# What to do:
In the entries below, find the line with "nat \<Rightarrow> nat" and the line with "using assms(1,3,6,8) by". Return those two lines and all lines between them, exactly.

########

(* Let $n$ be a positive integer, let $\alpha$ be a real number with $\frac{1}{2} \le \alpha < 1$, and let $\beta = 1-\alpha$. Suppose that $\frac{t_1}{A_1}, \frac{t_2}{A_2}, \dots, \frac{t_{n+1}}{A_{n+1}}$ are rational numbers, each of which is an $(n+3)$-bit underapproximation to $\beta$. Then the rational number \[ 1+\frac{t_1}{A_1}+\frac{t_1t_2}{A_1A_2}+\cdots+\prod_{i=1}^{n+1}\frac{t_i}{A_i} \] is an $n$-bit underapproximation to $\frac{1}{\alpha}$.
   Context: For a real number $\alpha$ and a positive integer $k$, a rational number $\alpha'$ is called a $k$-bit underapproximation to $\alpha$ if $0 \le \alpha - \alpha' \le \frac{1}{2^k}$. *)

theory Defs
  imports Complex_Main
begin

definition underapprox :: "nat \<Rightarrow> rat \<Rightarrow> real \<Rightarrow> bool" where
  "underapprox k a' a \<longleftrightarrow> 0 \<le> a - of_rat a' \<and> a - of_rat a' \<le> 1 / 2 ^ k"

end

theory Submission
  imports Defs
begin

text \<open>Evaluate the nested form \<open>1 + q\<^sub>1(1 + q\<^sub>2(1 + \<dots>))\<close> of the sum of partial products from
  the inside out. Since \<open>1/\<alpha> = 1 + \<beta>/\<alpha>\<close>, each Horner step maps an error \<open>D\<close> of the inner value to
  the error \<open>(\<beta> - q)/\<alpha> + q D\<close>; with \<open>0 \<le> \<beta> - q \<le> \<epsilon>\<close>, \<open>1/\<alpha> \<le> 2\<close> and \<open>q \<le> \<beta> \<le> 1/2\<close> this is at most
  \<open>2\<epsilon> + D/2\<close>. Starting from the error \<open>1/\<alpha> - 1 \<le> 1\<close> of the innermost value, \<open>m\<close> steps give an
  error of at most \<open>4\<epsilon> + 1/2^m\<close>, which for \<open>\<epsilon> = 1/2^(n+3)\<close> and \<open>m = n + 1\<close> is exactly \<open>1/2^n\<close>.\<close>

fun horner :: "(nat \<Rightarrow> 'a::comm_semiring_1) \<Rightarrow> nat \<Rightarrow> nat \<Rightarrow> 'a" where
  "horner q j 0 = 1"
| "horner q j (Suc m) = 1 + q j * horner q (Suc j) m"

lemma horner_eq_sum_prod: "horner q j m = (\<Sum>k = 0..m. \<Prod>i = j..<j+k. q i)"
proof (induction m arbitrary: j)
  case 0
  then show ?case by simp
next
  case (Suc m)
  have "(\<Sum>k = 0..Suc m. \<Prod>i = j..<j+k. q i) = 1 + (\<Sum>k = 0..m. \<Prod>i = j..<j+Suc k. q i)"
    by (subst sum.atLeast0_atMost_Suc_shift) simp
  also have "\<dots> = 1 + q j * (\<Sum>k = 0..m. \<Prod>i = Suc j..<Suc j+k. q i)"
    unfolding sum_distrib_left
    by (intro arg_cong2[where f = "(+)"] sum.cong refl) (simp add: prod.atLeast_Suc_lessThan mult.assoc)
  finally show ?case
    using Suc by simp
qed

lemma horner_step_error:
  fixes \<alpha> \<beta> \<epsilon> q T :: real
  assumes "1/2 \<le> \<alpha>" "\<alpha> < 1" "\<beta> = 1 - \<alpha>"
    and "2 * \<epsilon> \<le> 1" "\<beta> - \<epsilon> \<le> q" "q \<le> \<beta>"
    and "0 \<le> T" "0 \<le> 1/\<alpha> - T" "1/\<alpha> - T \<le> \<delta>"
  shows "0 \<le> 1 + q * T" "0 \<le> 1/\<alpha> - (1 + q * T)" "1/\<alpha> - (1 + q * T) \<le> 2 * \<epsilon> + \<delta> / 2"
proof -
  define D where "D = 1/\<alpha> - T"
  have "0 < \<alpha>" "1 \<le> 1/\<alpha>" "1/\<alpha> \<le> 2"
    using assms(1,2) by (auto simp: divide_simps)
  have error: "1/\<alpha> - (1 + q * T) = (\<beta> - q)/\<alpha> + q * D"
    using \<open>0 < \<alpha>\<close> assms(3) by (simp add: D_def field_simps)
  have "(\<beta> - q)/\<alpha> \<le> 2 * \<epsilon>"
  proof -
    have "(\<beta> - q)/\<alpha> = (\<beta> - q) * (1/\<alpha>)" by simp
    also have "\<dots> \<le> \<epsilon> * 2"
      using assms(5,6) \<open>0 < \<alpha>\<close> \<open>1/\<alpha> \<le> 2\<close> by (intro mult_mono) auto
    finally show ?thesis by simp
  qed
  moreover have "q * D \<le> \<beta> * D" and "\<beta> * D \<le> 1/2 * D"
    using assms(1,3,6,8) by (intro mult_right_mono; simp add: D_def)+
  ultimately show "1/\<alpha> - (1 + q * T) \<le> 2 * \<epsilon> + \<delta> / 2"
    using assms(9) error by (simp add: D_def)
  show "0 \<le> 1/\<alpha> - (1 + q * T)"
  proof (cases "0 \<le> q")
    case True
    then show ?thesis
      using error \<open>0 < \<alpha>\<close> assms(6,8) by (simp add: D_def)
  next
    case False
    then show ?thesis
      using \<open>1 \<le> 1/\<alpha>\<close> assms(7) mult_nonpos_nonneg[of q T] by simp
  qed
  show "0 \<le> 1 + q * T"
  proof (cases "0 \<le> q")
    case True
    then show ?thesis using assms(7) by simp
  next
    case False
    have "q * (1/\<alpha>) \<le> q * T"
      using False assms(8) by (intro mult_left_mono_neg) auto
    moreover have "q * 2 \<le> q * (1/\<alpha>)"
      using False \<open>1/\<alpha> \<le> 2\<close> by (intro mult_left_mono_neg) auto
    moreover have "-\<epsilon> \<le> q"
      using assms(2,3,5) by simp
    ultimately show ?thesis using assms(4) by linarith
  qed
qed

lemma horner_error:
  fixes \<alpha> \<beta> \<epsilon> :: real and q :: "nat \<Rightarrow> real"
  assumes "1/2 \<le> \<alpha>" "\<alpha> < 1" "\<beta> = 1 - \<alpha>" "0 \<le> \<epsilon>" "2 * \<epsilon> \<le> 1"
    and "\<And>i. i \<in> {j..<j+m} \<Longrightarrow> \<beta> - \<epsilon> \<le> q i \<and> q i \<le> \<beta>"
  shows "0 \<le> horner q j m \<and> 0 \<le> 1/\<alpha> - horner q j m \<and> 1/\<alpha> - horner q j m \<le> 4 * \<epsilon> + 1/2^m"
  using assms(6)
proof (induction m arbitrary: j)
  case 0
  have "1 \<le> 1/\<alpha>" "1/\<alpha> \<le> 2"
    using assms(1,2) by (auto simp: divide_simps)
  then show ?case using assms(4) by simp
next
  case (Suc m)
  have "0 \<le> horner q (Suc j) m \<and> 0 \<le> 1/\<alpha> - horner q (Suc j) m
      \<and> 1/\<alpha> - horner q (Suc j) m \<le> 4 * \<epsilon> + 1/2^m"
    using Suc.prems by (intro Suc.IH) auto
  then have inner: "0 \<le> horner q (Suc j) m" "0 \<le> 1/\<alpha> - horner q (Suc j) m"
      "1/\<alpha> - horner q (Suc j) m \<le> 4 * \<epsilon> + 1/2^m"
    by auto
  have "\<beta> - \<epsilon> \<le> q j" "q j \<le> \<beta>"
    using Suc.prems[of j] by auto
  note step = horner_step_error[OF assms(1-3,5) this inner]
  have "2 * \<epsilon> + (4 * \<epsilon> + 1/2^m) / 2 = 4 * \<epsilon> + 1/2^Suc m"
    by simp
  then show ?case
    using step by (simp only: horner.simps)
qed

theorem lemma3p1:
  fixes n :: nat and \<alpha> \<beta> :: real and q :: "nat \<Rightarrow> rat"
  assumes "n \<ge> 1"
    and "1 / 2 \<le> \<alpha>" and "\<alpha> < 1"
    and "\<beta> = 1 - \<alpha>"
    and "\<And>i. i \<in> {1..n+1} \<Longrightarrow> underapprox (n + 3) (q i) \<beta>"
  shows "underapprox n (\<Sum>k = 0..n+1. \<Prod>i = 1..k. q i) (1 / \<alpha>)"
proof -
  define \<epsilon> :: real where "\<epsilon> = 1/2^(n+3)"
  have "0 \<le> \<epsilon>" "2 * \<epsilon> \<le> 1"
    using power_increasing[of 1 "n+3" "2::real"] by (simp_all add: \<epsilon>_def)
  moreover have "\<And>i. i \<in> {1..<1+(n+1)} \<Longrightarrow> \<beta> - \<epsilon> \<le> of_rat (q i) \<and> of_rat (q i) \<le> \<beta>"
    using assms(5) unfolding underapprox_def \<epsilon>_def by fastforce
  ultimately have bound: "0 \<le> 1/\<alpha> - horner (\<lambda>i. of_rat (q i)) 1 (n+1)"
      "1/\<alpha> - horner (\<lambda>i. of_rat (q i)) 1 (n+1) \<le> 4 * \<epsilon> + 1/2^(n+1)"
    using horner_error[OF assms(2-4), where q = "\<lambda>i. of_rat (q i)" and j = 1 and m = "n+1"] by blast+
  have sum_eq_horner: "of_rat (\<Sum>k = 0..n+1. \<Prod>i = 1..k. q i) = horner (\<lambda>i. of_rat (q i)) 1 (n+1)"
    unfolding horner_eq_sum_prod of_rat_sum of_rat_prod
    by (simp add: atLeastLessThanSuc_atLeastAtMost del: sum.atLeast0_atMost_Suc prod.op_ivl_Suc)
  have "4 * \<epsilon> + 1/2^(n+1) = (1::real)/2^n"
    by (simp add: \<epsilon>_def field_simps power_add)
  then show ?thesis
    unfolding underapprox_def sum_eq_horner using bound by linarith
qed

end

########

# Exercise solution:
fun horner :: "(nat \<Rightarrow> 'a::comm_semiring_1) \<Rightarrow> nat \<Rightarrow> nat \<Rightarrow> 'a" where
  "horner q j 0 = 1"
| "horner q j (Suc m) = 1 + q j * horner q (Suc j) m"

lemma horner_eq_sum_prod: "horner q j m = (\<Sum>k = 0..m. \<Prod>i = j..<j+k. q i)"
proof (induction m arbitrary: j)
  case 0
  then show ?case by simp
next
  case (Suc m)
  have "(\<Sum>k = 0..Suc m. \<Prod>i = j..<j+k. q i) = 1 + (\<Sum>k = 0..m. \<Prod>i = j..<j+Suc k. q i)"
    by (subst sum.atLeast0_atMost_Suc_shift) simp
  also have "\<dots> = 1 + q j * (\<Sum>k = 0..m. \<Prod>i = Suc j..<Suc j+k. q i)"
    unfolding sum_distrib_left
    by (intro arg_cong2[where f = "(+)"] sum.cong refl) (simp add: prod.atLeast_Suc_lessThan mult.assoc)
  finally show ?case
    using Suc by simp
qed

lemma horner_step_error:
  fixes \<alpha> \<beta> \<epsilon> q T :: real
  assumes "1/2 \<le> \<alpha>" "\<alpha> < 1" "\<beta> = 1 - \<alpha>"
    and "2 * \<epsilon> \<le> 1" "\<beta> - \<epsilon> \<le> q" "q \<le> \<beta>"
    and "0 \<le> T" "0 \<le> 1/\<alpha> - T" "1/\<alpha> - T \<le> \<delta>"
  shows "0 \<le> 1 + q * T" "0 \<le> 1/\<alpha> - (1 + q * T)" "1/\<alpha> - (1 + q * T) \<le> 2 * \<epsilon> + \<delta> / 2"
proof -
  define D where "D = 1/\<alpha> - T"
  have "0 < \<alpha>" "1 \<le> 1/\<alpha>" "1/\<alpha> \<le> 2"
    using assms(1,2) by (auto simp: divide_simps)
  have error: "1/\<alpha> - (1 + q * T) = (\<beta> - q)/\<alpha> + q * D"
    using \<open>0 < \<alpha>\<close> assms(3) by (simp add: D_def field_simps)
  have "(\<beta> - q)/\<alpha> \<le> 2 * \<epsilon>"
  proof -
    have "(\<beta> - q)/\<alpha> = (\<beta> - q) * (1/\<alpha>)" by simp
    also have "\<dots> \<le> \<epsilon> * 2"
      using assms(5,6) \<open>0 < \<alpha>\<close> \<open>1/\<alpha> \<le> 2\<close> by (intro mult_mono) auto
    finally show ?thesis by simp
  qed
  moreover have "q * D \<le> \<beta> * D" and "\<beta> * D \<le> 1/2 * D"
    using assms(1,3,6,8) by (intro mult_right_mono; simp add: D_def)+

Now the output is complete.